Some fields can be both provided directly or inferred from other similarly common fields:

  • content: [‘content’, ‘_content’, ‘text’, ‘json’]

  • headers: [‘headers’, ‘_headers’]

  • reason: [‘reason’, ‘status’, ‘reason_phrase’, ‘status_code’]

Returns:

A newly reconstructed response from the given keyword components

Return type:

ReconstructedResponse

headers: MutableMapping[str, str]
is_response() bool[source]

Method for directly validating the fields that indicate that a response has been minimally recreated successfully. The fields that are validated include:

  1. status codes (should be an integer)

  2. URLs (should be a valid url)

  3. reasons (should originate from a reason attribute or inferred from the status code)

  4. content (should be a bytes field or encoded from a string text field)

  5. headers (should be a dictionary with string fields and preferably a content type

Returns:

Indicates whether the current reconstructed response minimally recreates a response object.

Return type:

bool

json() Dict[str, Any] | List[Any] | None[source]
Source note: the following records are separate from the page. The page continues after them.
lemma left_annihilator_cf_phi_inv:
  fixes D :: "real^'k^'m"
  assumes "D ** PB = 0"
  shows "D ** matrix_inv (cf_phi h PB C Z J) = D"
proof -
  let ?phi = "cf_phi h PB C Z J"
  have "D ** matrix_inv ?phi = D ** ?phi ** matrix_inv ?phi"
    using left_annihilator_cf_phi[OF assms] by simp
  also have "\<dots> = D"
    by (simp add: matrix_mul_assoc[symmetric] matrix_inv_right[OF invertible_cf_phi])
  finally show ?thesis .
qed

section \<open>The projection \<open>\<Pi>\<close> maps into the kernel of \<open>D\<close>\<close>

lemma invertible_of_injective: "(\<And>x. (M::real^'n^'n) *v x = 0 \<Longrightarrow> x = 0) \<Longrightarrow> invertible M"
  using matrix_left_invertible_ker invertible_left_inverse by blast

lemma posdef_invertible:
  fixes B :: "real^'k^'k"
  assumes "\<forall>x. x \<noteq> 0 \<longrightarrow> x \<bullet> (B *v x) > 0"
  shows "invertible B"
  by (rule invertible_of_injective) (metis assms inner_zero_right less_irrefl)

text \<open>The Schur complement \<open>D B\<^sup>-\<^sup>1 D\<^sup>T\<close> is positive definite, hence invertible: with
  \<open>w = B\<^sup>-\<^sup>1 D\<^sup>T x\<close> one has \<open>x \<bullet> D B\<^sup>-\<^sup>1 D\<^sup>T x = w \<bullet> B w\<close>, and \<open>w \<noteq> 0\<close> for \<open>x \<noteq> 0\<close>
  since \<open>D\<^sup>T\<close> is injective.\<close>
lemma invertible_schur_complement:
  fixes B :: "real^'k^'k" and D :: "real^'k^'m"
  assumes B_pos: "\<forall>x. x \<noteq> 0 \<longrightarrow> x \<bullet> (B *v x) > 0"
    and D_rank: "rank D = CARD('m)"
  shows "invertible (D ** matrix_inv B ** transpose D)"
proof (rule invertible_of_injective, rule ccontr)
  fix x
  assume Sx: "(D ** matrix_inv B ** transpose D) *v x = 0" and x0: "x \<noteq> 0"
  define w where "w = matrix_inv B *v (transpose D *v x)"
  have Bw: "B *v w = transpose D *v x"
    unfolding w_def
    by (simp add: matrix_vector_mul_assoc matrix_inv_right[OF posdef_invertible[OF B_pos]])
  have "inj ((*v) (transpose D))"
    using full_rank_injective[of "transpose D"] rank_transpose[of D] D_rank by simp
  then have "transpose D *v x \<noteq> 0"
    using x0 by (metis inj_eq matrix_vector_mult_0_right)
  then have "w \<noteq> 0" using Bw by auto
  have "x \<bullet> ((D ** matrix_inv B ** transpose D) *v x) = (transpose D *v x) \<bullet> w"
    unfolding w_def
    by (simp add: matrix_vector_mul_assoc[symmetric] dot_lmul_matrix[symmetric])
  also have "\<dots> = w \<bullet> (B *v w)" using Bw by (simp add: inner_commute)
  also have "\<dots> > 0" using B_pos \<open>w \<noteq> 0\<close> by blast
  finally show False using Sx by simp
qed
Return JSON-decoded body from the underlying response, if available.

property ok: bool

Indicates whether the current response indicates a successful request (200 <= status_code < 400) or whether an invalid response has been received. Accounts for the.

Returns:

True if the status code is an integer value within the range of 200 and 399, False otherwise

Return type:

bool

raise_for_status() None[source]

Method that imitates the capability of the requests and httpx response types to raise errors when encountering status codes that are indicative of failed responses.
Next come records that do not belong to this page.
(* Let $1<n\leq m$ be integers. If $2\mid(m-n)$ or $n\leq\lceil\frac{m+1}{2}\rceil$, then $$\operatorname{ecc}_{Z_{n,m}}(0)=d(u^{(0)},0)=\binom{\lfloor\frac{m+n}{2}\rfloor+1}{2}+\binom{\lceil\frac{m-n}{2}\rceil+1}{2}.$$ Otherwise, $$\operatorname{ecc}_{Z_{n,m}}(0)=d(u^{(1)},0)=d(u^{(0)},0)+n-\lceil\tfrac{m+1}{2}\rceil.$$
   Context: Elements of $\mathbb{Z}_n$ are identified with their representatives in $\{0,\dots,n-1\}$. The dYoke graph $Z_{n,m}$ has as vertices all $u=(u_0,\dots,u_{m+1})\in\mathbb{Z}_n\times\{-1,0,1\}^m\times\mathbb{Z}_n$ with $\sum_{i=0}^{m+1}u_i\equiv0\pmod n$; $u,v$ are adjacent if there is $0\leq i\leq m$ such that $u_j=v_j$ for all $j\notin\{i,i+1\}$ and either ($u_i=v_i+1$, $u_{i+1}=v_{i+1}-1$) or ($u_i=v_i-1$, $u_{i+1}=v_{i+1}+1$), arithmetic in coordinates $0,m+1$ being in $\mathbb{Z}_n$. $0$ is the all-zero vertex, $d$ is graph distance in $Z_{n,m}$, $\operatorname{ecc}_{Z_{n,m}}(0)=\max_v d(v,0)$. $u^{(0)}$ is the vertex with $u_i=1$ for $1\leq i\leq m$ and $u_0\equiv-\lfloor\frac{m-n}{2}\rfloor\pmod n$ (and $u_{m+1}$ determined by the sum condition). When $n<m$ and $m-n$ is odd, $u^{(1)}$ is the vertex with $u_{\lceil (m+1)/2\rceil}=0$, $u_i=1$ for all other $1\leq i\leq m$, and $u_0\equiv-\lfloor\frac{m-n}{2}\rfloor\pmod n$. *)

theory Defs
  imports Main "HOL-Library.Extended_Nat"
begin

text \<open>Vertices of the dYoke graph Z_{n,m}: functions nat => int with
  u 0, u (m+1) in {0..n-1} (representatives of Z_n), u i in {-1,0,1} for 1 <= i <= m,
  u i = 0 for i > m+1 (canonical padding), and sum of u 0..u (m+1) congruent 0 mod n.\<close>
definition dyoke_vert :: "nat \<Rightarrow> nat \<Rightarrow> (nat \<Rightarrow> int) \<Rightarrow> bool" where
  "dyoke_vert n m u \<longleftrightarrow>
     u 0 \<in> {0..<int n} \<and> u (m+1) \<in> {0..<int n} \<and>
     (\<forall>i\<in>{1..m}. u i \<in> {-1,0,1}) \<and>
     (\<forall>i>m+1. u i = 0) \<and>
     (\<Sum>i\<le>m+1. u i) mod int n = 0"

text \<open>Equality of coordinate j; coordinates 0 and m+1 live in Z_n.\<close>
definition coord_eq :: "nat \<Rightarrow> nat \<Rightarrow> nat \<Rightarrow> int \<Rightarrow> int \<Rightarrow> bool" where
  "coord_eq n m j a b \<longleftrightarrow> (if j = 0 \<or> j = m+1 then a mod int n = b mod int n else a = b)"

definition dyoke_adj :: "nat \<Rightarrow> nat \<Rightarrow> (nat \<Rightarrow> int) \<Rightarrow> (nat \<Rightarrow> int) \<Rightarrow> bool" where
  "dyoke_adj n m u v \<longleftrightarrow> dyoke_vert n m u \<and> dyoke_vert n m v \<and>
     (\<exists>i\<le>m. (\<forall>j\<le>m+1. j \<noteq> i \<and> j \<noteq> i+1 \<longrightarrow> u j = v j) \<and>
        ((coord_eq n m i (u i) (v i + 1) \<and> coord_eq n m (i+1) (u (i+1)) (v (i+1) - 1)) \<or>
         (coord_eq n m i (u i) (v i - 1) \<and> coord_eq n m (i+1) (u (i+1)) (v (i+1) + 1))))"

text \<open>Graph distance (infinity if unreachable).\<close>
definition dyoke_dist :: "nat \<Rightarrow> nat \<Rightarrow> (nat \<Rightarrow> int) \<Rightarrow> (nat \<Rightarrow> int) \<Rightarrow> enat" where
  "dyoke_dist n m u v = (INF k \<in> {k. (dyoke_adj n m ^^ k) u v}. enat k)"

definition dyoke_zero :: "nat \<Rightarrow> int" where
  "dyoke_zero = (\<lambda>_. 0)"

definition dyoke_ecc0 :: "nat \<Rightarrow> nat \<Rightarrow> enat" where
  "dyoke_ecc0 n m = (SUP v \<in> {v. dyoke_vert n m v}. dyoke_dist n m v dyoke_zero)"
As scholar_flux processes data that is generally only sent when status codes are within the 200s (or exactly 200 [ok]), an error is raised when encountering a value outside of this range.

Raises:
reason: str
property status: str | None

Helper property for retrieving a human-readable status description of the status.

Returns:

The status description associated with the response (if available)

Return type:

Optional[int]

status_code: int
property text: str | None

Helper property for retrieving the text from the bytes content as a string.

Returns:

The decoded text from the content of the response

Return type:

Optional[str]

url: Any
validate() None[source]

Raises an error if the recreated response object does not contain valid properties expected of a response. if the response validation is successful, a response is not raised and an object is not returned.

Raises:

InvalidResponseReconstructionException – if at least one field is determined to be invalid and unexpected of a true response object.

scholar_flux.api.models.response_types module

Helper module used to define response types returned by scholar-flux after API response retrieval and processing.

The APIResponseType is a union of different possible response types that can be received from a SearchCoordinator:
  • ProcessedResponse: A successfully processed response containing parsed response metadata, and processed records.

  • ErrorResponse: Indicates that an error has occurred during response retrieval and/or processing when unsuccessful.

  • NonResponse: ErrorResponse subclass indicating when an error prevents the successful retrieval of a response.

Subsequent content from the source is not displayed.